**RECORDS SHOWN**
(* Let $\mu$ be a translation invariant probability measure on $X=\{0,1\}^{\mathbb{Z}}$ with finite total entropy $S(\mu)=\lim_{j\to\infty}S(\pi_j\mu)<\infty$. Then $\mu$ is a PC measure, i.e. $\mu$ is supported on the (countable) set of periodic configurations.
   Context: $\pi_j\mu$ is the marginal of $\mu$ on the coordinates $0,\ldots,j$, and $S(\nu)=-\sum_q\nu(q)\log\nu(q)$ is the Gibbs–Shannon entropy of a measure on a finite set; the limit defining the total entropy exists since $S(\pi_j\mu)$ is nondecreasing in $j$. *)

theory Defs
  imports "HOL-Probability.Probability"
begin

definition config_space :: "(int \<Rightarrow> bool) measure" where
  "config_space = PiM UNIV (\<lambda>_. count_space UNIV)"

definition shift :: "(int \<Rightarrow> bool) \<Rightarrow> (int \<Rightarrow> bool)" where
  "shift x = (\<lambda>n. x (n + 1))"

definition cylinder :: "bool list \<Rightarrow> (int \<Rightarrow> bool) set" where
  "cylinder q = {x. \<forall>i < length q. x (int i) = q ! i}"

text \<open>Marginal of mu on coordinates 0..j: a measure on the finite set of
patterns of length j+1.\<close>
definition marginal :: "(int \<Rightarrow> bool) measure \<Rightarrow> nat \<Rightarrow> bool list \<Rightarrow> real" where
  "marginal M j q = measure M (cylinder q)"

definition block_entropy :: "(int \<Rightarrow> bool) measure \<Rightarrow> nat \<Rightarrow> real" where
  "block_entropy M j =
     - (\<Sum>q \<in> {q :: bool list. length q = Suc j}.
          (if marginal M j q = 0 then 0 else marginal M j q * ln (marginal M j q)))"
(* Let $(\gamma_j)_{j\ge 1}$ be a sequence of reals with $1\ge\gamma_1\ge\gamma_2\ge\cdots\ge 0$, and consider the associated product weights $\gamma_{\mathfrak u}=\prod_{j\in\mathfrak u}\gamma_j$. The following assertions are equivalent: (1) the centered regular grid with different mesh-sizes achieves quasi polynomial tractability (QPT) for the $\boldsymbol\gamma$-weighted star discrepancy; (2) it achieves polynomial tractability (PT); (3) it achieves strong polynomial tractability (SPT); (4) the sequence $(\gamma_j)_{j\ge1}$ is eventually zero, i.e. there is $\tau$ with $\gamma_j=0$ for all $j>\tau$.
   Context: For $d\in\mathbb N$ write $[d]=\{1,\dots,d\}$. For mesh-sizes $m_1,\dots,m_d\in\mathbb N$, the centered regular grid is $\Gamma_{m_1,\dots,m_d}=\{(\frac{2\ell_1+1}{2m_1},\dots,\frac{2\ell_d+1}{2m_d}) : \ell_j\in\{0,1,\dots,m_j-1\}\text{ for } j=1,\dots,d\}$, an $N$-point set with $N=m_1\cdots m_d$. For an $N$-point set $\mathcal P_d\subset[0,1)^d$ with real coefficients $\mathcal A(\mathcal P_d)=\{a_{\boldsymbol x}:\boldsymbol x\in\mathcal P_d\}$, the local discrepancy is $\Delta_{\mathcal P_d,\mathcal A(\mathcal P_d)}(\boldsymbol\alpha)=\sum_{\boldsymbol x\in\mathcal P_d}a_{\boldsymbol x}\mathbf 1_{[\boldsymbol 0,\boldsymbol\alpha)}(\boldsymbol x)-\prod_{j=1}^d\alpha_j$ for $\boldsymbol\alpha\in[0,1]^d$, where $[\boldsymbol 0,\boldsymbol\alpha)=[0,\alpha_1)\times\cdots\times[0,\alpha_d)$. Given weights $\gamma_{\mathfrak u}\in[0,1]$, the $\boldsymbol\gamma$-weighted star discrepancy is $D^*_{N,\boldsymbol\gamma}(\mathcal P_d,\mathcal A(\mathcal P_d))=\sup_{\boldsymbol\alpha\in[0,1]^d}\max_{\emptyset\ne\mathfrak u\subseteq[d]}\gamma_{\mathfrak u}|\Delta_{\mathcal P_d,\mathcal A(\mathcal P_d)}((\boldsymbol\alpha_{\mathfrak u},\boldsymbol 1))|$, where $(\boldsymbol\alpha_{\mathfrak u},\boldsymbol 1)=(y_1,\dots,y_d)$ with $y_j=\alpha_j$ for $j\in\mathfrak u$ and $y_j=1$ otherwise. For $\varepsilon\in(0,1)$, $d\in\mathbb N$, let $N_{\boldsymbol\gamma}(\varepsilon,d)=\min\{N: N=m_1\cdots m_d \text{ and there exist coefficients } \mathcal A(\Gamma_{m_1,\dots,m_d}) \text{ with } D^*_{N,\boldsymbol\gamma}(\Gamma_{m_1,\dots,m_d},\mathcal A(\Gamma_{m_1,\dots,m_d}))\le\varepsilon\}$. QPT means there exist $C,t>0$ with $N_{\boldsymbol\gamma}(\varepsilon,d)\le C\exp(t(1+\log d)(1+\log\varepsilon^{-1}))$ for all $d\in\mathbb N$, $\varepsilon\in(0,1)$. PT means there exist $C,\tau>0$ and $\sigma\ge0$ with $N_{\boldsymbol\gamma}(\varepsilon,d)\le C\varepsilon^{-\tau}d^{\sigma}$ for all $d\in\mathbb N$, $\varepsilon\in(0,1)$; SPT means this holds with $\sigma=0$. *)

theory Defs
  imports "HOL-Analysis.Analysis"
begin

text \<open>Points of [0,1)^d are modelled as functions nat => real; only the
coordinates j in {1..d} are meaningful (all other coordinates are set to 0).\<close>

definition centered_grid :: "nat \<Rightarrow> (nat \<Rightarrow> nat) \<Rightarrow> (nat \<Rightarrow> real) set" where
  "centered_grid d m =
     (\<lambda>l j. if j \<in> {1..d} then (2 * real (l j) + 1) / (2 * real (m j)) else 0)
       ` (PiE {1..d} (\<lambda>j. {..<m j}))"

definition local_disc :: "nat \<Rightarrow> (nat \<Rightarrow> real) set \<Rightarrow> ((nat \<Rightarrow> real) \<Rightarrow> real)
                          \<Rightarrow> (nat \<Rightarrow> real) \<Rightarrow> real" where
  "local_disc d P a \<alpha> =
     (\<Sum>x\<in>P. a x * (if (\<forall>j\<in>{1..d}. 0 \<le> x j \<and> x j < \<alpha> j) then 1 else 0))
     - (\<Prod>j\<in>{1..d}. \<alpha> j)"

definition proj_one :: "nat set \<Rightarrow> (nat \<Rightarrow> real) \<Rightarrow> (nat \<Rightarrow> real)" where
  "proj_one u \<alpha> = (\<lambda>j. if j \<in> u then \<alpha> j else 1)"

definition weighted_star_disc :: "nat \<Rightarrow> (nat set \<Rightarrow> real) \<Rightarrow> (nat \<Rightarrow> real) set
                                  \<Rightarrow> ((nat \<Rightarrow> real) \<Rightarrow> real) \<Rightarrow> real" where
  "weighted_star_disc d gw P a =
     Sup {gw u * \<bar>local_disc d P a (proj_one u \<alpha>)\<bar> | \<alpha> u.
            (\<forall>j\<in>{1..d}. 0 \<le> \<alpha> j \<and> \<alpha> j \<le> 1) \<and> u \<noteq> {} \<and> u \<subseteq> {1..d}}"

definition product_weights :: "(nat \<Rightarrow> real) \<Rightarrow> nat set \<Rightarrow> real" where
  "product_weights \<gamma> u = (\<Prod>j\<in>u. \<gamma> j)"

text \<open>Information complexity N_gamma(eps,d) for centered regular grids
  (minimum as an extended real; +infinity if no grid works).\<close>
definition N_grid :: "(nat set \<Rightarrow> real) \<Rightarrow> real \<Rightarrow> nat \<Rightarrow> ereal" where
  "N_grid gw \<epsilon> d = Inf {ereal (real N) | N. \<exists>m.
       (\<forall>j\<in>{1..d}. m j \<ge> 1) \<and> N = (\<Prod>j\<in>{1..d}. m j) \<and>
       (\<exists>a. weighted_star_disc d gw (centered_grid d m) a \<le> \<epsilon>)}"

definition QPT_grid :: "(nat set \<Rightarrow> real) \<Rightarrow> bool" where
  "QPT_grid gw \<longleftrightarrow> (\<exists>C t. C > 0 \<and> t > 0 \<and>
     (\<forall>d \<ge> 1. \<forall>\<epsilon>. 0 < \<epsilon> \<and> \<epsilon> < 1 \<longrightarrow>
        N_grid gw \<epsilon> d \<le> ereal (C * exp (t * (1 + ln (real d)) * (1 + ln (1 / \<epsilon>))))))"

**WHAT THIS TASK INVOLVES**
Give the count of lines in the listing that hold the word "coordinates", with no other text.

**TASK RESULT**
3